A*B*C* is the medial triangle of A"B"C"
Locus:
Let ABC be a triangle and A'B'C' the pedal triangle of a point P.
Denote:
Ab, Ac = the orthogonal projections of A' on PB', PC', resp.
A"B"C" = the triangle bounded by AbAc, BcBa, CaCb, resp.
A* = PA' intersection AbAc. Similarly B*, C*.
Which is the locus of P such that A*B*C*and A"B"C" are perspective?
[César Lozada]:
Locus = {Line at infinity} \/ {cubic K044 ( Euler central cubic) through ETC’s X(3), X(4), X(5), X(52), X(68), X(155), X(5562), X(8800), X(8905), X(8906) and vertices of triangles ABC, EULER2, JOHNSON, ORTHIC}
ETC pairs (P,Z(P)=perspector): (3,3), (4,6748), (5,6688)
Z(X(52)) = {4,193} /\ {30,52}
= 2*a^10-7*(b^2+c^2)*a^8+2*(5*b^ 4+8*b^2*c^2+5*c^4)*a^6-8*(c^6+ b^6)*a^4+4*(b^2-c^2)^2*(b^4-b^ 2*c^2+c^4)*a^2-(b^4-c^4)*(b^2- c^2)^3 : : (barycentrics)
= X(20)-3*X(11245) = 3*X(3060)-X(3575) = 9*X(3060)-X(12278) = 3*X(3575)-X(12278)
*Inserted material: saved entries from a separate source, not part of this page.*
lemma prod_count_list_Un:
  assumes "set xs \<inter> set ys = {}"
  shows "(\<Prod>e\<in>set xs \<union> set ys. f (count_list xs e + count_list ys e)) =
    (\<Prod>e\<in>set xs. f (count_list xs e)) * (\<Prod>e\<in>set ys. f (count_list ys e))"
proof -
  have "(\<Prod>e\<in>set xs \<union> set ys. f (count_list xs e + count_list ys e)) =
      (\<Prod>e\<in>set xs. f (count_list xs e + count_list ys e)) * (\<Prod>e\<in>set ys. f (count_list xs e + count_list ys e))"
    using assms by (simp add: prod.union_disjoint)
  also have "\<dots> = (\<Prod>e\<in>set xs. f (count_list xs e)) * (\<Prod>e\<in>set ys. f (count_list ys e))"
  proof -
    have "count_list ys e = 0" if "e \<in> set xs" for e using assms that by (auto simp: count_list_0_iff)
    moreover have "count_list xs e = 0" if "e \<in> set ys" for e using assms that by (auto simp: count_list_0_iff)
    ultimately show ?thesis by (intro arg_cong2[where f = "(*)"] prod.cong refl) simp_all
  qed
  finally show ?thesis .
qed

text \<open>\<open>theta1\<close> and \<open>theta2\<close> with the parity of the distance to the root replaced by the parity
  of the position in the walk (\<open>beta_eq_card_even_pos\<close>); this form is invariant under relabelling.\<close>

definition weight :: "real \<Rightarrow> real \<Rightarrow> real \<Rightarrow> (nat \<Rightarrow> real) \<Rightarrow> nat list \<Rightarrow> real" where
  "weight a b p X w = a ^ card (even_pos w) * b ^ (card (set w) - card (even_pos w)) *
     (\<Prod>e\<in>set (step_edges w). p * X (count_list (step_edges w) e))"

lemma theta_eq_weight:
  assumes "tree_walk w" "w \<noteq> []" "w ! 0 = 1"
  shows "theta1 \<alpha> p X w = weight \<alpha> (1 - \<alpha>) p X w" "theta2 \<alpha> p X w = weight (1 - \<alpha>) \<alpha> p X w"
  unfolding theta1_def theta2_def weight_def beta_eq_card_even_pos[OF assms(1,3,2)] wverts_def set_step_edges nmult_eq_count_step_edges by simp_all
(* Let $\mathcal{H}$ be a complex Hilbert space, let $A\in\mathcal{B}(\mathcal{H})$ be a nonzero positive operator, and let $\mathbb{A}=\begin{pmatrix}A&O\\O&A\end{pmatrix}$ on $\mathcal{H}\oplus\mathcal{H}$. Let $P,Q\in\mathcal{B}_A(\mathcal{H})$. Then $$\omega_{\mathbb{A}}\left[\begin{pmatrix}P&Q\\O&O\end{pmatrix}\right]\geq\frac12\max\{\omega_A(P+iQ),\omega_A(P-iQ)\}.$$
   Context: For a positive operator $A$ on $\mathcal{H}$, $\langle x,y\rangle_A:=\langle Ax,y\rangle$ and $\|x\|_A:=\sqrt{\langle x,x\rangle_A}$. $\mathcal{B}_A(\mathcal{H})$ is the set of $T\in\mathcal{B}(\mathcal{H})$ with $\mathcal{R}(T^*A)\subseteq\mathcal{R}(A)$. $\omega_A(T):=\sup\{|\langle Tx,x\rangle_A|:x\in\mathcal{H},\|x\|_A=1\}$. $\omega_{\mathbb{A}}$ is defined analogously on $\mathcal{H}\oplus\mathcal{H}$ with $\langle (x_1,x_2),(y_1,y_2)\rangle_{\mathbb{A}}=\langle x_1,y_1\rangle_A+\langle x_2,y_2\rangle_A$. *)

theory Defs
  imports "HOL-Analysis.Analysis" "HOL-Library.Complex_Order"
begin

text \<open>Convention: cinner is linear in the first argument, conjugate linear in the second.
  A complex Hilbert space is a type of sort complex_inner_space + complete_space.\<close>

class complex_inner_space = real_normed_vector +
  fixes scaleC :: "complex \<Rightarrow> 'a \<Rightarrow> 'a"
    and cinner :: "'a \<Rightarrow> 'a \<Rightarrow> complex"
  assumes scaleC_add_right: "scaleC a (x + y) = scaleC a x + scaleC a y"
    and scaleC_add_left: "scaleC (a + b) x = scaleC a x + scaleC b x"
    and scaleC_scaleC: "scaleC a (scaleC b x) = scaleC (a * b) x"
    and scaleC_one: "scaleC 1 x = x"
    and scaleR_scaleC: "scaleR r x = scaleC (complex_of_real r) x"
    and cinner_commute: "cinner x y = cnj (cinner y x)"
    and cinner_add_left: "cinner (x + y) z = cinner x z + cinner y z"
    and cinner_scaleC_left: "cinner (scaleC a x) y = a * cinner x y"
    and cinner_ge_zero: "0 \<le> cinner x x"
    and cinner_eq_zero_iff: "cinner x x = 0 \<longleftrightarrow> x = 0"
    and norm_eq_sqrt_cinner: "norm x = sqrt (Re (cinner x x))"

definition bounded_clinear_op :: "('a::complex_inner_space \<Rightarrow> 'a) \<Rightarrow> bool" where
  "bounded_clinear_op T \<longleftrightarrow>
     (\<forall>x y. T (x + y) = T x + T y) \<and> (\<forall>c x. T (scaleC c x) = scaleC c (T x)) \<and>
     (\<exists>K. \<forall>x. norm (T x) \<le> norm x * K)"

text \<open>Hilbert adjoint T* (exists uniquely for bounded operators on a Hilbert space).\<close>
definition adjoint_op :: "('a::complex_inner_space \<Rightarrow> 'a) \<Rightarrow> ('a \<Rightarrow> 'a)" where
  "adjoint_op T = (SOME S. \<forall>x y. cinner (T x) y = cinner x (S y))"

definition positive_op :: "('a::complex_inner_space \<Rightarrow> 'a) \<Rightarrow> bool" where
  "positive_op A \<longleftrightarrow> bounded_clinear_op A \<and> (\<forall>x. 0 \<le> cinner (A x) x)"

definition A_inner :: "('a::complex_inner_space \<Rightarrow> 'a) \<Rightarrow> 'a \<Rightarrow> 'a \<Rightarrow> complex" where
  "A_inner A x y = cinner (A x) y"

definition A_norm :: "('a::complex_inner_space \<Rightarrow> 'a) \<Rightarrow> 'a \<Rightarrow> real" where
  "A_norm A x = sqrt (Re (A_inner A x x))"

definition B_A :: "('a::complex_inner_space \<Rightarrow> 'a) \<Rightarrow> ('a \<Rightarrow> 'a) set" where
  "B_A A = {T. bounded_clinear_op T \<and> range (adjoint_op T \<circ> A) \<subseteq> range A}"

definition omega_A :: "('a::complex_inner_space \<Rightarrow> 'a) \<Rightarrow> ('a \<Rightarrow> 'a) \<Rightarrow> real" where
  "omega_A A T = Sup {cmod (A_inner A (T x) x) | x. A_norm A x = 1}"

text \<open>The operator diag(A,A) on H (+) H, realised as the product type 'a \<times> 'a.\<close>
definition AA_inner :: "('a::complex_inner_space \<Rightarrow> 'a) \<Rightarrow> 'a \<times> 'a \<Rightarrow> 'a \<times> 'a \<Rightarrow> complex" where
  "AA_inner A x y = A_inner A (fst x) (fst y) + A_inner A (snd x) (snd y)"

definition AA_norm :: "('a::complex_inner_space \<Rightarrow> 'a) \<Rightarrow> 'a \<times> 'a \<Rightarrow> real" where
  "AA_norm A x = sqrt (Re (AA_inner A x x))"

definition omega_AA :: "('a::complex_inner_space \<Rightarrow> 'a) \<Rightarrow> ('a \<times> 'a \<Rightarrow> 'a \<times> 'a) \<Rightarrow> real" where
  "omega_AA A T = Sup {cmod (AA_inner A (T x) x) | x. AA_norm A x = 1}"
(* Let $b\ge0$, $c\ge0$, $1\le a\le c+1$, and $f\in\mathbb{F}_q[x_1,\dots,x_c]$. If $\delta_{a;b}(f)$ is a polynomial, then $\delta_{a';b}(f)$ is a polynomial for every integer $1\le a'<a$.
   Context: $q$ is a power of a prime. Delta operators: for integers $b\ge0$, $c\ge0$, $1\le a\le c+1$, $\delta_{a;b}:\mathbb{F}_q(x_1,\dots,x_c)\to\mathbb{F}_q(x_1,\dots,x_{c+1})$ sends $f$ to $N/L(x_1,\dots,x_a)$, where $N$ is the $a\times a$ determinant whose $t$-th row is $(x_1^{q^{t-1}},\dots,x_a^{q^{t-1}})$ for $t=1,\dots,a-1$ and whose last row is $(x_1^{q^b}f(\hat x_1),\dots,x_a^{q^b}f(\hat x_a))$, with $f(\hat x_i)=f(x_1,\dots,x_{i-1},x_{i+1},\dots,x_{c+1})$, and $L(x_1,\dots,x_a)=\det(x_j^{q^{t-1}})_{1\le t,j\le a}$. *)

theory Defs
  imports "HOL-Library.Poly_Mapping" "HOL-Computational_Algebra.Fraction_Field"
          "Jordan_Normal_Form.Determinant"
begin

text \<open>Multivariate polynomials over a field 'a in the variables x_1, x_2, ...
  represented as (nat =>0 nat) =>0 'a; variable x_(j+1) is index j (0-based).\<close>

type_synonym 'a mpoly = "(nat \<Rightarrow>\<^sub>0 nat) \<Rightarrow>\<^sub>0 'a"

definition mvar :: "nat \<Rightarrow> 'a::comm_ring_1 mpoly" where
  "mvar j = Poly_Mapping.single (Poly_Mapping.single j 1) 1"

definition mconst :: "'a::comm_ring_1 \<Rightarrow> 'a mpoly" where
  "mconst c = Poly_Mapping.single 0 c"

definition mvars :: "'a::comm_ring_1 mpoly \<Rightarrow> nat set" where
  "mvars p = \<Union> (Poly_Mapping.keys ` Poly_Mapping.keys p)"

definition msubst :: "(nat \<Rightarrow> 'a::comm_ring_1 mpoly) \<Rightarrow> 'a mpoly \<Rightarrow> 'a mpoly" where
  "msubst \<sigma> p = (\<Sum>m\<in>Poly_Mapping.keys p.
      mconst (Poly_Mapping.lookup p m) *
      (\<Prod>v\<in>Poly_Mapping.keys m. \<sigma> v ^ Poly_Mapping.lookup m v))"

text \<open>f(hat x_i) for column index k = i-1 (0-based): x_1..x_(i-1) stay,
  the remaining variables shift by one.\<close>
definition omit_var :: "nat \<Rightarrow> 'a::comm_ring_1 mpoly \<Rightarrow> 'a mpoly" where
  "omit_var k f = msubst (\<lambda>j. mvar (if j < k then j else Suc j)) f"

definition mooreL :: "nat \<Rightarrow> 'a::{finite,field} mpoly" where
  "mooreL a = det (mat a a (\<lambda>(r, k). mvar k ^ (card (UNIV :: 'a set) ^ r)))"

definition deltaN :: "nat \<Rightarrow> nat \<Rightarrow> 'a::{finite,field} mpoly \<Rightarrow> 'a mpoly" where
  "deltaN a b f = det (mat a a (\<lambda>(r, k).
      if r < a - 1 then mvar k ^ (card (UNIV :: 'a set) ^ r)
      else mvar k ^ (card (UNIV :: 'a set) ^ b) * omit_var k f))"

definition delta :: "nat \<Rightarrow> nat \<Rightarrow> 'a::{finite,field} mpoly \<Rightarrow> 'a mpoly fract" where
  "delta a b f = Fract (deltaN a b f) (mooreL a)"

definition is_poly_in :: "nat \<Rightarrow> 'a::{finite,field} mpoly fract \<Rightarrow> bool" where
  "is_poly_in n r \<longleftrightarrow> (\<exists>p. mvars p \<subseteq> {..<n} \<and> r = Fract p 1)"

end

theory Submission
  imports Defs "HOL-Computational_Algebra.Polynomial" "HOL-Library.Cardinality"
begin

text \<open>Over \<open>\<bbbF>\<^sub>q\<close> the Moore determinant is a product of pairwise non-associate linear forms,
  \<open>L = \<Prod>\<^sub>j\<^sub><\<^sub>a \<Prod>\<^sub>c (x\<^sub>j\<^sub>+\<^sub>1 - c\<^sub>1 x\<^sub>1 - \<dots> - c\<^sub>j x\<^sub>j)\<close> with \<open>c\<close> ranging over \<open>\<bbbF>\<^sub>q\<^sup>j\<close>, so \<open>L\<close> divides the
  numerator \<open>N\<close> iff \<open>N\<close> vanishes under every substitution \<open>x\<^sub>j\<^sub>+\<^sub>1 := c\<^sub>1 x\<^sub>1 + \<dots> + c\<^sub>j x\<^sub>j\<close>.
  Since Frobenius is additive, such a substitution turns column \<open>j + 1\<close> of \<open>N\<close> into a combination
  of the earlier columns plus a single entry \<open>D\<^sub>j(c)\<close> in the last row, whose cofactor is a nonzero
  Moore determinant in the remaining variables. Hence \<open>L | N\<close> iff \<open>D\<^sub>j(c) = 0\<close> for all \<open>j < a\<close>
  and all \<open>c\<close>; as \<open>D\<^sub>j(c)\<close> does not depend on \<open>a\<close>, this passes from \<open>a\<close> to every \<open>a' < a\<close>.
  Finally, the quotient \<open>N / L\<close> involves only the variables of \<open>N\<close> and \<open>L\<close>.\<close>


section \<open>Evaluation homomorphisms\<close>

definition monom_eval :: "(nat \<Rightarrow> 'b::comm_ring_1) \<Rightarrow> (nat \<Rightarrow>\<^sub>0 nat) \<Rightarrow> 'b" where
  "monom_eval \<sigma> m = (\<Prod>v\<in>Poly_Mapping.keys m. \<sigma> v ^ Poly_Mapping.lookup m v)"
= On lines: {3,11433}, {4,193}, {5,394}, {6,6823}, {20,11245}, {30,52}, {51,9825}, {68,1595}, {69,11479}, {155,1596}, {195,11799}, {235,1993}, {343,11424}, {382,6225}, {511,12241}, {524,5907}, {576,12233}, {578,6676}, {1092,6677}, {1181,1353}, {1503,10112}, {1593,6515}, {1597,11411}, {1598,6193}, {1885,5889}, {1906,11441}, {1907,11442}, {2883,3629}, {3060,3575}, {3089,3167}, {3527,7401}, {3547,11426}, {5050,7400}, {5446,6756}, {6815,9777}, {10095,10127}
= midpoint of X(i) and X(j) for these {i,j}: {1885,5889}, {10263,12370}
= reflection of X(i) in X(j) for these (i,j): (6756,5446), (12362,12241)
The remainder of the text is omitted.